Limitations & Future Work¶
- Authors acknowledge the method is not dominant in MCQA, trading precision for selectivity; this suggests retention-calibrated global thresholding is not universally optimal for all task families.
- Internal Limitations: ① Criteria and threshold search are built on NLL and counterfactual patching; consistency across other evaluation frameworks is unproven. ② Fine-grained diagnostics (Table 3/4) are mostly limited to GPT-2 IOI. ③ The single global threshold assumes scores are globally comparable; if scales differ significantly across layers, a single \(\tau\) might be problematic ⚠️. ④ Edge importance relies on IG approximations on gates; propagation of approximation errors is not discussed.
- Future Directions: Relaxing global thresholds to layer-wise or group-wise adaptive thresholds; jointly optimizing for both sufficiency and necessity rather than just calibrating for retention.
Related Work & Insights¶
- vs. Fixed top-k / Budget-based Sparsification (EAP, EAP-IG, ACDC, etc.): These pre-define size, making them sensitive and non-generalizable. Ours reverses this, making it more robust while maintaining CPR/CMD competitiveness.
- vs. EAP-IG-inputs/activations (Strongest Baselines): Ours uses similar IG scoring but differs in the "cut." On GPT-2 IOI, it reduces \(\Delta\text{NLL}_{\text{suff}}\) from 1.009 to 0.7579 while slightly improving necessity and creating a more clustered unique edge structure.
- vs. Stability Critiques (Méloux et al., Nainani et al.): These works highlight circuit instability under perturbation. Ours addresses this directly with boundary buffers and connectivity repair, proving the retention-calibrated point is not fragile (\(2.0135 \pm 0.0022\)).
Rating¶
- Novelty: ⭐⭐⭐⭐ The shift from "fixed budget" to "retention calibration" is clean and powerful, though individual components (IG, binary search, buffers) are known tools.

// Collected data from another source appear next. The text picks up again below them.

definition qmax :: "nat \<Rightarrow> nat \<Rightarrow> (nat \<times> nat \<Rightarrow> real) \<Rightarrow> real" where
  "qmax d m \<theta> = Max ((\<lambda>j. \<bar>\<theta> j\<bar>) ` param_idx d m)"

definition Kfun :: "nat \<Rightarrow> (nat \<times> nat \<Rightarrow> real) \<Rightarrow> real" where
  "Kfun m \<theta> = (\<Sum>k<m. \<theta> (k,0) * \<theta> (k,1))"

definition K'fun :: "nat \<Rightarrow> (nat \<times> nat \<Rightarrow> real) \<Rightarrow> real" where
  "K'fun m \<theta> = (\<Sum>k<m. \<theta> (k,0)^2 + \<theta> (k,1)^2)"

text \<open>inf {t \<ge> t0. P t} in the extended reals (inf of the empty set = +infinity).\<close>
definition first_time :: "(real \<Rightarrow> bool) \<Rightarrow> real \<Rightarrow> ereal" where
  "first_time P t0 = Inf (ereal ` {t. t0 \<le> t \<and> P t})"

end

theory Submission
  imports Defs
begin

(* Let S(t) = sum_k (w_k^i(t))^2 for a fixed coordinate i >= 2.  Along the gradient flow,
   S' = 2 * integral of (f - f_theta) * (sum_k a_k w_k^i sigma'(w_k.x)) * x_i * rho.
   Replacing sigma by the identity and sigma' by 1, isotropy of rho and the orthogonality of f
   to x_i turn this into -2 v^2 with v = sum_k a_k w_k^i.  The true derivative differs by a
   linearization error X = O(m q^4) and a gate error Y = O(m q^5 sum_k |w_k^i|), where q bounds
   all weights; completing the square gives S' <= X^2/2 + 2|Y|.  Hence sqrt (S + (m q^4)^2)
   grows at most linearly, at rate O(m q^4 + m^(3/2) q^5).  Before T2 we have
   q <= m^(-(1/2 - alpha2)), so the rate is O(m^(5 alpha2 - 1)) and up to time 2 log m the
   growth is O(log m / m^(1 - 5 alpha2)).  At initialization sqrt (S(0)) = O(m^(1/2 - alpha))
   with probability 1 - delta, by Markov's inequality. *)

lemma sqrt_growth_bound:
  fixes S S' :: "real \<Rightarrow> real"
  assumes t: "0 < t" and \<eta>: "0 < \<eta>" and B: "0 \<le> B" and C: "0 \<le> C"
    and nonneg: "\<And>s. 0 \<le> s \<Longrightarrow> s \<le> t \<Longrightarrow> 0 \<le> S s"
    and cont: "continuous_on {0..t} S"
    and deriv: "\<And>s. 0 < s \<Longrightarrow> s < t \<Longrightarrow> (S has_real_derivative S' s) (at s)"
    and growth: "\<And>s. 0 < s \<Longrightarrow> s < t \<Longrightarrow> S' s \<le> 2 * \<eta> * B + 2 * C * sqrt (S s)"
  shows "sqrt (S t) \<le> sqrt (S 0) + \<eta> + t * (B + C)"
proof -
  \<comment> \<open>\<open>\<eta>\<close> keeps \<open>sqrt (S + \<eta>\<^sup>2)\<close> differentiable and absorbs the constant part of the growth rate.\<close>
  define \<phi> where "\<phi> s = sqrt (S s + \<eta>\<^sup>2)" for s
  have \<phi>_ge: "\<eta> \<le> \<phi> s" "sqrt (S s) \<le> \<phi> s" if "0 \<le> s" "s \<le> t" for s
    using nonneg[OF that] \<eta> unfolding \<phi>_def by (auto intro!: real_le_rsqrt real_sqrt_le_mono)
  have \<phi>_deriv: "(\<phi> has_real_derivative S' s / (2 * \<phi> s)) (at s)" if "0 < s" "s < t" for s
  proof -
    have "0 < S s + \<eta>\<^sup>2" using nonneg[of s] that \<eta> by (simp add: add_nonneg_pos)
    from DERIV_chain2[OF DERIV_real_sqrt[OF this] DERIV_add[OF deriv[OF that] DERIV_const]]
    show ?thesis unfolding \<phi>_def by (simp add: divide_simps mult.commute)
  qed
  have "continuous_on {0..t} \<phi>" unfolding \<phi>_def using cont by (intro continuous_intros)
  then obtain l z where z: "0 < z" "z < t" and l: "(\<phi> has_real_derivative l) (at z)"
    and mvt: "\<phi> t - \<phi> 0 = (t - 0) * l"
    using MVT[OF t] \<phi>_deriv real_differentiable_def by meson
  have "\<eta> * B \<le> \<phi> z * B" "C * sqrt (S z) \<le> C * \<phi> z"
    using \<phi>_ge[of z] z B C by (auto intro: mult_left_mono mult_right_mono)
  then have "S' z \<le> 2 * \<phi> z * (B + C)"
    using growth[OF z] by (simp add: algebra_simps)
  then have "t * l \<le> t * (B + C)"
    using DERIV_unique[OF l \<phi>_deriv[OF z]] \<phi>_ge[of z] z \<eta>
    by (simp add: pos_divide_le_eq mult.commute mult_left_mono)
  have "sqrt (S t) \<le> \<phi> t" using \<phi>_ge[of t] t by simp
  also have "\<dots> \<le> \<phi> 0 + t * (B + C)"
    using mvt \<open>t * l \<le> t * (B + C)\<close> by simp
  also have "\<phi> 0 \<le> sqrt (S 0) + \<eta>"
    unfolding \<phi>_def using nonneg[of 0] t \<eta> sqrt_add_le_add_sqrt[of "S 0" "\<eta>\<^sup>2"] by simp
  finally show ?thesis by simp
qed

lemma sum_abs_le_sqrt_card_mult:
  fixes a :: "nat \<Rightarrow> real"
  shows "(\<Sum>k<m. \<bar>a k\<bar>) \<le> sqrt m * sqrt (\<Sum>k<m. (a k)\<^sup>2)"
proof -
  have "(\<Sum>k<m. \<bar>a k\<bar> * \<bar>1\<bar>) \<le> L2_set a {..<m} * L2_set (\<lambda>_. 1) {..<m}"
    by (rule L2_set_mult_ineq)
  also have "L2_set (\<lambda>_. 1) {..<m} = sqrt m" by (simp add: L2_set_constant)
  finally show ?thesis by (simp add: L2_set_def mult.commute)
qed

lemma weight_scale_powers:
  fixes x e :: real
  assumes x: "1 \<le> x" and e: "0 \<le> e"
  defines "Q \<equiv> x powr (-(1/2 - e))"
  shows "1 \<le> x * Q\<^sup>2" "x * Q ^ 4 \<le> x powr (5 * e - 1)" "x * Q ^ 5 * sqrt x = x powr (5 * e - 1)"
proof -
  have pow: "x * Q ^ n = x powr (1 + real n * (-(1/2 - e)))" for n
    unfolding Q_def using x by (simp add: powr_power powr_mult_base)
  show "1 \<le> x * Q\<^sup>2" unfolding pow using x e by (simp add: ge_one_powr_ge_zero)
  show "x * Q ^ 4 \<le> x powr (5 * e - 1)" unfolding pow using x e by (intro powr_mono) auto
  have "x * Q ^ 5 * sqrt x = x powr (1 + real 5 * (-(1/2 - e))) * x powr (1/2)"
    unfolding pow using x by (simp add: powr_half_sqrt)
  also have "\<dots> = x powr (1 + real 5 * (-(1/2 - e)) + 1/2)" by (rule powr_add[symmetric])
  also have "\<dots> = x powr (5 * e - 1)" by (simp add: algebra_simps)
  finally show "x * Q ^ 5 * sqrt x = x powr (5 * e - 1)" .
qed

lemma add_mult_le_add_mult_max:
  fixes a b c1 c2 :: real
  assumes "0 \<le> c1" "0 \<le> c2"
  shows "c1 * a + c2 * b \<le> (c1 + c2) * max a b"
  using mult_left_mono[OF max.cobounded1[of a b], of c1] mult_left_mono[OF max.cobounded2[of b a], of c2]
    assms by (simp add: distrib_right)

lemma DERIV_quadratic_remainder:
  fixes F :: "real \<Rightarrow> real"
  assumes remainder: "\<And>s. \<bar>s - s0\<bar> \<le> 1 \<Longrightarrow> \<bar>F s - F s0 - (s - s0) * L\<bar> \<le> c * (s - s0)\<^sup>2"
  shows "(F has_real_derivative L) (at s0)"
proof -
  have "((\<lambda>s. (F s - F s0) / (s - s0) - L) \<longlongrightarrow> 0) (at s0)"
  proof (rule Lim_null_comparison)
    show "((\<lambda>s. \<bar>c\<bar> * \<bar>s - s0\<bar>) \<longlongrightarrow> 0) (at s0)"
      by (rule tendsto_eq_intros refl)+ simp
    have "eventually (\<lambda>s. \<bar>s - s0\<bar> < 1 \<and> s \<noteq> s0) (at s0)"
      unfolding eventually_at by (rule exI[of _ 1]) (auto simp: dist_real_def)
    then show "eventually (\<lambda>s. norm ((F s - F s0) / (s - s0) - L) \<le> \<bar>c\<bar> * \<bar>s - s0\<bar>) (at s0)"
    proof eventually_elim
      case (elim s)
      define u where "u = \<bar>s - s0\<bar>"
      have u: "u \<noteq> 0" "(s - s0)\<^sup>2 = u * u" using elim by (auto simp: u_def power2_eq_square)
      have "(F s - F s0) / (s - s0) - L = (F s - F s0 - (s - s0) * L) / (s - s0)"
        using elim by (simp add: field_simps)
      also have "norm \<dots> \<le> c * (s - s0)\<^sup>2 / u"
        using remainder[of s] elim by (simp add: u_def abs_divide divide_right_mono)
      also have "\<dots> = c * u" using u by (simp add: field_simps)
      also have "\<dots> \<le> \<bar>c\<bar> * u" by (rule mult_right_mono) (auto simp: u_def)
      finally show ?case unfolding u_def .
    qed
  qed
  then show ?thesis by (simp add: has_field_derivative_iff LIM_zero_iff)
qed

lemma DERIV_integral_quadratic_remainder:
  fixes g :: "real \<Rightarrow> 'a \<Rightarrow> real"
  assumes w: "integrable M w" and g: "\<And>s. integrable M (g s)" and D: "integrable M D"
    and remainder: "\<And>s x. x \<in> space M \<Longrightarrow> \<bar>s - s0\<bar> \<le> 1 \<Longrightarrow>
      \<bar>g s x - g s0 x - (s - s0) * D x\<bar> \<le> K * (s - s0)\<^sup>2 * w x"
  shows "((\<lambda>s. \<integral>x. g s x \<partial>M) has_real_derivative (\<integral>x. D x \<partial>M)) (at s0)"
proof (rule DERIV_quadratic_remainder)
  fix s :: real assume s: "\<bar>s - s0\<bar> \<le> 1"
  have "(\<integral>x. g s x \<partial>M) - (\<integral>x. g s0 x \<partial>M) - (s - s0) * (\<integral>x. D x \<partial>M)
      = (\<integral>x. g s x - g s0 x - (s - s0) * D x \<partial>M)"
    using g D by simp
  also have "\<bar>\<dots>\<bar> \<le> (\<integral>x. \<bar>g s x - g s0 x - (s - s0) * D x\<bar> \<partial>M)"
    using integral_norm_bound[of M "\<lambda>x. g s x - g s0 x - (s - s0) * D x"] by simp
  also have "\<dots> \<le> (\<integral>x. K * (s - s0)\<^sup>2 * w x \<partial>M)"
    by (rule integral_mono) (use g D w remainder s in auto)
  also have "\<dots> = K * (\<integral>x. w x \<partial>M) * (s - s0)\<^sup>2" by simp
  finally show "\<bar>(\<integral>x. g s x \<partial>M) - (\<integral>x. g s0 x \<partial>M) - (s - s0) * (\<integral>x. D x \<partial>M)\<bar>
      \<le> K * (\<integral>x. w x \<partial>M) * (s - s0)\<^sup>2" .
qed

- Experimental Thoroughness: ⭐⭐⭐⭐ Covers 4 tasks × 4 models with multiple stability diagnostics; however, deep sufficiency/necessity analysis is mostly focused on GPT-2 IOI.
- Writing Quality: ⭐⭐⭐⭐ Logical arguments and honest disclosure of limitations; some tables in the PDF are slightly misaligned and require careful reading.
- Value: ⭐⭐⭐⭐ Provides a practical, transferable "behavior-driven" rule for circuit discovery that is relevant to any pipeline currently relying on fixed budgets.